Mais do que isso: se o Coutinho do Barcelona não engrena, o treinador da seleção quer contar novamente com o do Liverpool, em uma fonte que Tite bebe também com Roberto Firmino.

“Não tenho tempo. O que o técnico faz? Procura usar os atletas dentro das funções que tem nos seus clubes, se não seria incoerente da minha parte. É tipo Professor Pardal”, disse. “Tento também absorver o que os outros (técnicos) fazem”, continuou Tite, dando os exemplos dos Reds.

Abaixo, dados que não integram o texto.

(* There is an absolute constant $c>0$ such that for every star celebrity game $\Gamma=\langle V,(w_u)_{u\in V},\alpha,\beta\rangle$ with $\beta>1$ and $W=\sum_{u\in V}w_u$, $PoA(\Gamma)\le c\,W/\alpha$.
   Context: A celebrity game $\Gamma=\langle V,(w_u)_{u\in V},\alpha,\beta\rangle$ consists of a set of players $V=\{1,\dots,n\}$, celebrity weights $w_u>0$, a link cost $\alpha>0$ and a critical distance $\beta$ with $1\le\beta\le n-1$. A strategy of player $u$ is a set $S_u\subseteq V\setminus\{u\}$; a strategy profile is $S=(S_1,\dots,S_n)$; its outcome graph $G[S]$ is the undirected graph on $V$ with edge set $\{\{u,v\}: u\in S_v\text{ or }v\in S_u\}$. With $d_G$ the graph distance (infinite between different connected components), the cost of player $u$ is $c_u(S)=\alpha|S_u|+\sum_{v:\,d_{G[S]}(u,v)>\beta}w_v$ and the social cost is $C(S)=\sum_{u\in V}c_u(S)$. $S$ is a Nash equilibrium (NE) if no player can strictly decrease its cost by changing only its own strategy. $\mathrm{opt}(\Gamma)=\min_S C(S)$ and $PoA(\Gamma)=\max_{S\text{ NE}}C(S)/\mathrm{opt}(\Gamma)$. $\Gamma$ is a star celebrity game if $G[S]$ is connected for some NE $S$. *)

theory Defs
  imports Complex_Main
begin

definition players :: "nat \<Rightarrow> nat set" where
  "players n = {1..n}"

definition profiles :: "nat \<Rightarrow> (nat \<Rightarrow> nat set) set" where
  "profiles n = {S. \<forall>u. S u \<subseteq> (if u \<in> players n then players n - {u} else {})}"

definition adj :: "(nat \<Rightarrow> nat set) \<Rightarrow> nat \<Rightarrow> nat \<Rightarrow> bool" where
  "adj S u v \<longleftrightarrow> u \<in> S v \<or> v \<in> S u"

fun dist_le :: "(nat \<Rightarrow> nat set) \<Rightarrow> nat \<Rightarrow> nat \<Rightarrow> nat \<Rightarrow> bool" where
  "dist_le S 0 u v \<longleftrightarrow> u = v"
| "dist_le S (Suc k) u v \<longleftrightarrow> dist_le S k u v \<or> (\<exists>x. dist_le S k u x \<and> adj S x v)"

definition player_cost ::
  "nat \<Rightarrow> (nat \<Rightarrow> real) \<Rightarrow> real \<Rightarrow> nat \<Rightarrow> (nat \<Rightarrow> nat set) \<Rightarrow> nat \<Rightarrow> real" where
  "player_cost n w \<alpha> \<beta> S u =
     \<alpha> * real (card (S u)) + (\<Sum>v \<in> {v \<in> players n. \<not> dist_le S \<beta> u v}. w v)"

definition social_cost ::
  "nat \<Rightarrow> (nat \<Rightarrow> real) \<Rightarrow> real \<Rightarrow> nat \<Rightarrow> (nat \<Rightarrow> nat set) \<Rightarrow> real" where
  "social_cost n w \<alpha> \<beta> S = (\<Sum>u \<in> players n. player_cost n w \<alpha> \<beta> S u)"

definition is_NE :: "nat \<Rightarrow> (nat \<Rightarrow> real) \<Rightarrow> real \<Rightarrow> nat \<Rightarrow> (nat \<Rightarrow> nat set) \<Rightarrow> bool" where
  "is_NE n w \<alpha> \<beta> S \<longleftrightarrow> S \<in> profiles n \<and>
     (\<forall>u \<in> players n. \<forall>T. T \<subseteq> players n - {u} \<longrightarrow>
        player_cost n w \<alpha> \<beta> S u \<le> player_cost n w \<alpha> \<beta> (S(u := T)) u)"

“É dar liberdade para Firmino, é o Coutinho do Liverpool, não o do Barcelona, o da seleção”, exemplificou o treinador, que viu os antigos parceiros de Liverpool se entenderem bem na jogada que acabou no segundo gol brasileiro na abertura da Copa América.

Na jogada, Firmino deu cruzamento açucarado para Coutinho, que só teve o trabalho de cabecear para o gol aberto. “Jogar com o Firmino é sempre uma honra, um grande craque. O passe dele foi 90% do gol”, elogiou Coutinho, que celebrou começar o torneio com dois tentos.

“Muito importante para a confiança. Mas não só minha, de toda a equipe. Jogo muito difícil, estreia. Sabíamos que era importante ganhar hoje e acho que podemos sair felizes.”

O “resgate” de Coutinho na seleção passa por maior liberdade no meio-campo. Até na escolha do substituto de Arthur, Tite priorizou deixar o camisa 11 mais solto, com a entrada de Fernandinho, opção mais marcadora do que seria Allan para atuar ao lado de Casemiro.

Liberdade que agrada também outros homens de frente, como Richarlison e Gabriel Jesus. Coutinho é um cara que pega a bola e é perigo de gol. Estamos sempre fazendo as movimentações para que ele nos coloque na cara do gol. Desequilibra qualquer partida”, elogiou o “Pombo”.

“Ele vem muito bem. Óbvio que não foi das melhores a temporada dele no Barcelona, mas é um cara de alto nível, muito tempo na seleção. Você vê ele se doando, dia a dia nos treinamentos, merece muito. Tem muita qualidade”, completou o atacante do Manchester City, hoje reserva de Firmino.

Depois da vitória na estreia no Morumbi, o Brasil ainda treina neste sábado em São Paulo e depois viaja para Salvador, onde enfrenta, na próxima terça, a Venezuela, na Fonte Nova.